I am excited by the explosive growth in our Georgia Tech computing workshops for Girl Scouts.

We started working with the Girl Scouts in 2005. I had been interested in using LEGO robots to introduce computing to kids but was worried about research that showed that in mixed gender groups boys often took over. One year at SIGCSE I saw a poster about the LEGO robots and asked the presenter if she had this problem. She said, "No, we are at an all girls school."

I contacted the local Girl Scout Council and they already had LEGO robots and laptops but nobody knew what to do with them. I suggested that I bring female undergraduate computing majors to help with Robot workshops and we started with volunteers.

In 2005-2006 we did three weekends where Dads go camping with their daughters and we had them program pre-built LEGO robots. We also offered two 4-hour workshops where the girls could build and program the robots. We also trained camp counselors to offer the robots at one Girl Scout camp that summer. About 190 girls got an introduction to computing from these activities in 2005-2006.

In 2006-2007 we again did three weekends with the Dads and girls. We offered three 4-hour robot workshops and our first workshop on Alice. We trained camp counselors to do the robots at one Girl Scout camp that summer and also lent the Girl Scouts PicoCricket kits and they used these at another Girl Scout camp. About 372 girls got an introduction to computing from these activities in 2006-2007.

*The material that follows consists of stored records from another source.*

(* (a) If $\mathcal{T}_1=(V,\mathsf{p}_1)$ and $\mathcal{T}_2=(V,\mathsf{p}_2)$ are directed forests, then $\mathcal{T}_1$ is thinner than $\mathcal{T}_2$ if and only if $\mathrm{Chi}_{\mathcal{T}_1}(v)\subseteq\mathrm{Chi}_{\mathcal{T}_2}(v)$ for every $v\in V$. (b) Thickness ("thinner than") is a partial order on the set of all directed forests with a fixed set of vertices $V$. (c) The degenerate forest $(V,\mathrm{id}_V)$ is the smallest element with respect to this partial order among directed forests with vertex set $V$. (d) The maximal elements with respect to this partial order are precisely the directed trees and the rootless directed forests.
   Context: A directed forest is a pair $\mathcal{T}=(V,\mathsf{p})$ where $V$ is a nonempty set and $\mathsf{p}\colon V\to V$ satisfies: if $n\in\mathbb{N}$, $v\in V$ and $\mathsf{p}^n(v)=v$, then $\mathsf{p}(v)=v$. Roots: $\mathrm{root}(\mathcal{T})=\{v:\mathsf{p}(v)=v\}$; $\mathcal{T}$ is rootless if it has no roots. Children: $\mathrm{Chi}_{\mathcal{T}}(v)=\{u\in V:\mathsf{p}(u)=v\neq u\}$. The trees of $\mathcal{T}$ are the connected components of the graph with vertex set $V$ and edges $\{\mathsf{p}(u),u\}$ for $u\notin\mathrm{root}(\mathcal{T})$ (equivalently, classes of the relation $u\sim w$ iff $\mathsf{p}^m(u)=\mathsf{p}^n(w)$ for some $m,n\geq0$). A directed tree is a directed forest having exactly one tree. For directed forests $\mathcal{T}_1=(V,\mathsf{p}_1)$, $\mathcal{T}_2=(V,\mathsf{p}_2)$ on the same vertex set, $\mathcal{T}_1$ is thinner than $\mathcal{T}_2$ ($\mathcal{T}_2$ thicker than $\mathcal{T}_1$) if $\mathsf{p}_1(v)\in\{v,\mathsf{p}_2(v)\}$ for all $v\in V$. *)

theory Defs
  imports Main
begin

text \<open>A directed forest on the vertex set given by the type 'a (the vertex set V is
  represented as the universe of the type 'a, hence automatically nonempty).\<close>
definition directed_forest :: "('a \<Rightarrow> 'a) \<Rightarrow> bool" where
  "directed_forest p \<longleftrightarrow> (\<forall>n::nat. \<forall>v. n \<ge> 1 \<longrightarrow> (p ^^ n) v = v \<longrightarrow> p v = v)"

definition roots :: "('a \<Rightarrow> 'a) \<Rightarrow> 'a set" where
  "roots p = {v. p v = v}"

definition rootless :: "('a \<Rightarrow> 'a) \<Rightarrow> bool" where
  "rootless p \<longleftrightarrow> roots p = {}"

definition Chi :: "('a \<Rightarrow> 'a) \<Rightarrow> 'a \<Rightarrow> 'a set" where
  "Chi p v = {u. p u = v \<and> v \<noteq> u}"

definition same_tree :: "('a \<Rightarrow> 'a) \<Rightarrow> ('a \<times> 'a) set" where
  "same_tree p = {(u, w). \<exists>m n. (p ^^ m) u = (p ^^ n) w}"

definition trees :: "('a \<Rightarrow> 'a) \<Rightarrow> 'a set set" where
  "trees p = UNIV // same_tree p"

definition directed_tree :: "('a \<Rightarrow> 'a) \<Rightarrow> bool" where
  "directed_tree p \<longleftrightarrow> directed_forest p \<and> (\<exists>T. trees p = {T})"

definition thinner :: "('a \<Rightarrow> 'a) \<Rightarrow> ('a \<Rightarrow> 'a) \<Rightarrow> bool" where
  "thinner p1 p2 \<longleftrightarrow> (\<forall>v. p1 v \<in> {v, p2 v})"

definition thinner_rel :: "(('a \<Rightarrow> 'a) \<times> ('a \<Rightarrow> 'a)) set" where
  "thinner_rel = {(p1, p2). directed_forest p1 \<and> directed_forest p2 \<and> thinner p1 p2}"

end

theory Submission
  imports Defs
begin

text \<open>A thinner forest arises from a thicker one by turning some vertices into roots, so a
  forest is maximal iff none of its roots can be given a new parent; in particular rootless
  forests are maximal. In a tree every vertex reaches the root \<open>r\<close> along parent links that
  any thicker forest keeps, so a new parent of \<open>r\<close> would close a cycle. Conversely, if some
  vertex \<open>y\<close> does not reach a root \<open>r\<close>, then making \<open>y\<close> the parent of \<open>r\<close> creates no
  cycle and yields a strictly thicker forest.\<close>

lemma funpow_fixed: "f x = x \<Longrightarrow> (f ^^ n) x = x"
  by (induction n) auto

lemma funpow_commute: "(f ^^ m) ((f ^^ n) x) = (f ^^ n) ((f ^^ m) x)"
  by (metis add.commute comp_apply funpow_add)

lemma funpow_eq_if_agree_on_orbit:
  "(\<And>k. k < n \<Longrightarrow> g ((f ^^ k) v) = f ((f ^^ k) v)) \<Longrightarrow> (g ^^ n) v = (f ^^ n) v"
  by (induction n) auto

lemma directed_forestD: "directed_forest p \<Longrightarrow> (p ^^ Suc n) v = v \<Longrightarrow> p v = v"
  unfolding directed_forest_def by (auto simp del: funpow.simps)

lemma directed_tree_iff:
  "directed_tree p \<longleftrightarrow> directed_forest p \<and> (\<forall>u w. (u, w) \<in> same_tree p)"
proof -
  have refl: "(u, u) \<in> same_tree p" for u
    unfolding same_tree_def by blast
  have "(\<exists>T. UNIV // same_tree p = {T}) \<longleftrightarrow> (\<forall>u w. (u, w) \<in> same_tree p)"
  proof
    assume "\<exists>T. UNIV // same_tree p = {T}"
    then have "same_tree p `` {u} = same_tree p `` {w}" for u w
      by (metis UNIV_I quotientI singletonD)
    then show "\<forall>u w. (u, w) \<in> same_tree p"
      using refl by blast
  next
    assume "\<forall>u w. (u, w) \<in> same_tree p"
    then have "UNIV // same_tree p = {UNIV}"
      unfolding quotient_def by auto
    then show "\<exists>T. UNIV // same_tree p = {T}" ..
  qed
  then show ?thesis
    unfolding directed_tree_def trees_def by blast
qed

lemma thinner_non_root: "thinner p q \<Longrightarrow> p v \<noteq> v \<Longrightarrow> q v = p v"
  unfolding thinner_def by auto

lemma thinner_iff_Chi_subset: "thinner p q \<longleftrightarrow> (\<forall>v. Chi p v \<subseteq> Chi q v)"
proof
  assume "thinner p q"
  then show "\<forall>v. Chi p v \<subseteq> Chi q v"
    unfolding Chi_def using thinner_non_root by fastforce
next
  assume subset: "\<forall>v. Chi p v \<subseteq> Chi q v"
  have "q u = p u" if "p u \<noteq> u" for u
    using that subset[rule_format, of "p u"] unfolding Chi_def by blast
  then show "thinner p q"
    unfolding thinner_def by (metis insertCI)
qed

lemma thinner_refl: "thinner p p"
  unfolding thinner_def by simp

lemma thinner_trans: "thinner p q \<Longrightarrow> thinner q r \<Longrightarrow> thinner p r"
  unfolding thinner_def by (metis insert_iff singletonD)

lemma thinner_antisym: "thinner p q \<Longrightarrow> thinner q p \<Longrightarrow> p = q"
  unfolding thinner_def fun_eq_iff by (metis insert_iff singletonD)

lemma partial_order_on_thinner_rel: "partial_order_on {p. directed_forest p} thinner_rel"
  unfolding partial_order_on_def preorder_on_def refl_on_def trans_def antisym_def thinner_rel_def
  by (auto intro: thinner_refl thinner_trans thinner_antisym)

lemma directed_forest_id: "directed_forest id"
  unfolding directed_forest_def by simp

lemma thinner_id: "thinner id p"
  unfolding thinner_def by simp

lemma rootless_thinner_eq: "rootless p \<Longrightarrow> thinner p q \<Longrightarrow> q = p"
  unfolding rootless_def roots_def by (auto intro: ext thinner_non_root)

lemma thinner_reaches_root:
  assumes thinner: "thinner p q" and root: "p r = r" and reach: "(p ^^ m) u = r"
  shows "\<exists>k. (q ^^ k) u = r"
  using reach
proof (induction m arbitrary: u)
  case 0
  then show ?case
    by (metis funpow_0)
next
  case (Suc m)
  show ?case
  proof (cases "p u = u")
    case True
    then show ?thesis
      using Suc.prems funpow_fixed by (metis funpow_0)
  next
    case False
    have "(p ^^ m) (p u) = r"
      using Suc.prems by (simp add: funpow_Suc_right del: funpow.simps)
    then obtain k where "(q ^^ k) (p u) = r"
      using Suc.IH by blast
    then have "(q ^^ Suc k) u = r"
      using thinner_non_root[OF thinner False] by (simp add: funpow_Suc_right del: funpow.simps)
    then show ?thesis ..
  qed
qed

lemma directed_tree_thinner_eq:
  assumes tree: "directed_tree p" and forest: "directed_forest q" and thinner: "thinner p q"
  shows "q = p"
proof (rule ext, rule ccontr)
  fix v
  assume changed: "q v \<noteq> p v"
  then have root: "p v = v"
    using thinner_non_root[OF thinner, of v] by argo
  from tree have "(q v, v) \<in> same_tree p"
    by (simp add: directed_tree_iff)
  then obtain m n where "(p ^^ m) (q v) = (p ^^ n) v"
    unfolding same_tree_def by blast
  then have "(p ^^ m) (q v) = v"
    by (simp add: funpow_fixed[of p v, OF root])
  then obtain k where "(q ^^ k) (q v) = v"
    using thinner_reaches_root[OF thinner root] by blast
  then have "(q ^^ Suc k) v = v"
    by (simp add: funpow_Suc_right del: funpow.simps)
  then have "q v = v"
    using directed_forestD[OF forest] by blast
  with changed root show False
    by simp
qed

lemma directed_forest_fun_upd_root:
  assumes forest: "directed_forest p" and root: "p x = x"
    and avoid: "\<And>n. (p ^^ n) y \<noteq> x"
  shows "directed_forest (p(x := y))"
  unfolding directed_forest_def
proof (intro allI impI)
  fix n :: nat and v
  let ?q = "p(x := y)"
  assume "n \<ge> 1" and cycle: "(?q ^^ n) v = v"
  then obtain n' where n: "n = Suc n'"
    by (cases n) auto
  show "?q v = v"
  proof (cases "\<exists>k<n. (?q ^^ k) v = x")
    case True
    then obtain k where k: "(?q ^^ k) v = x"
      by blast
    \<comment> \<open>then \<open>x\<close> lies on a \<open>?q\<close>-cycle, but after one step the \<open>?q\<close>-orbit of \<open>x\<close> is the
      \<open>p\<close>-orbit of \<open>y\<close>\<close>
    have "(?q ^^ n) ((?q ^^ k) v) = (?q ^^ k) ((?q ^^ n) v)"
      by (rule funpow_commute)
    then have "(?q ^^ n) x = x"
      using cycle k by simp
    moreover have "(?q ^^ n') y = (p ^^ n') y"
      by (rule funpow_eq_if_agree_on_orbit) (simp add: avoid)
    ultimately have "(p ^^ n') y = x"
      by (simp add: n funpow_Suc_right del: funpow.simps)
    with avoid show ?thesis
      by blast
  next
    case False
    then have "(p ^^ n) v = (?q ^^ n) v"
      by (intro funpow_eq_if_agree_on_orbit) auto
    with cycle have "p v = v"
      using directed_forestD[OF forest] n by simp
    moreover have "v \<noteq> x"
      using False n by (metis funpow_0 zero_less_Suc)
    ultimately show ?thesis
      by simp
  qed
qed

lemma maximal_directed_forest_tree_or_rootless:
  assumes forest: "directed_forest p"
    and maximal: "\<And>q. directed_forest q \<Longrightarrow> thinner p q \<Longrightarrow> q = p"
  shows "directed_tree p \<or> rootless p"
proof (cases "rootless p")
  case False
  then obtain x where root: "p x = x"
    unfolding rootless_def roots_def by auto
  have reach: "\<exists>n. (p ^^ n) y = x" for y
  proof (rule ccontr)
    assume avoid: "\<nexists>n. (p ^^ n) y = x"
    then have "directed_forest (p(x := y))"
      using directed_forest_fun_upd_root[OF forest root] by blast
    moreover have "thinner p (p(x := y))"
      using root unfolding thinner_def by simp
    ultimately have "p(x := y) = p"
      by (rule maximal)
    then have "(p ^^ 0) y = x"
      using root fun_upd_same[of p x y] by simp
    with avoid show False
      by blast
  qed
  have "(u, w) \<in> same_tree p" for u w
  proof -
    obtain m n where "(p ^^ m) u = x" "(p ^^ n) w = x"
      using reach by blast
    then have "(p ^^ m) u = (p ^^ n) w"
      by simp
    then show ?thesis
      unfolding same_tree_def by blast
  qed
  with forest show ?thesis
    by (simp add: directed_tree_iff)
qed simp

theorem theorem3p5:
  shows
  "(\<forall>p1 p2 :: 'a \<Rightarrow> 'a. directed_forest p1 \<longrightarrow> directed_forest p2 \<longrightarrow>
      (thinner p1 p2 \<longleftrightarrow> (\<forall>v. Chi p1 v \<subseteq> Chi p2 v)))
   \<and> partial_order_on {p :: 'a \<Rightarrow> 'a. directed_forest p} thinner_rel
   \<and> (directed_forest (id :: 'a \<Rightarrow> 'a) \<and>
      (\<forall>p :: 'a \<Rightarrow> 'a. directed_forest p \<longrightarrow> thinner id p))
   \<and> (\<forall>p :: 'a \<Rightarrow> 'a. directed_forest p \<longrightarrow>
      ((\<forall>q. directed_forest q \<longrightarrow> thinner p q \<longrightarrow> q = p) \<longleftrightarrow>
       (directed_tree p \<or> rootless p)))"
proof (intro conjI allI impI)
  fix p :: "'a \<Rightarrow> 'a"
  assume "directed_forest p"
  then show "(\<forall>q. directed_forest q \<longrightarrow> thinner p q \<longrightarrow> q = p) \<longleftrightarrow>
    (directed_tree p \<or> rootless p)"
    using maximal_directed_forest_tree_or_rootless directed_tree_thinner_eq
      rootless_thinner_eq by metis
qed (rule thinner_iff_Chi_subset partial_order_on_thinner_rel directed_forest_id thinner_id)+

end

In 2007-2008 we received an NSF Broadening Participation in Computing grant which meant that we could pay students to help at our computing workshops. We did four weekends with Dads and their daughters with LEGO robots, three weekends with Moms and their daughters with PicoCrickets, and ten 4-hour workshops in total using LEGO robots, PicoCrickets, Scratch, and Alice.

We also targeted Hispanic Girl Scouts. We went to a local Elementary school for three weeks in a row and introduced the students to computing using PicoCrickets and LEGO robots. We also bused in Hispanic Girl Scouts for one of our 4-hour workshops at Georgia Tech. Again the Girl Scouts offered LEGO robots at one summer camp and PicoCrickets at another. About 1595 girls got an introduction to computing from these activities in 2007-2008.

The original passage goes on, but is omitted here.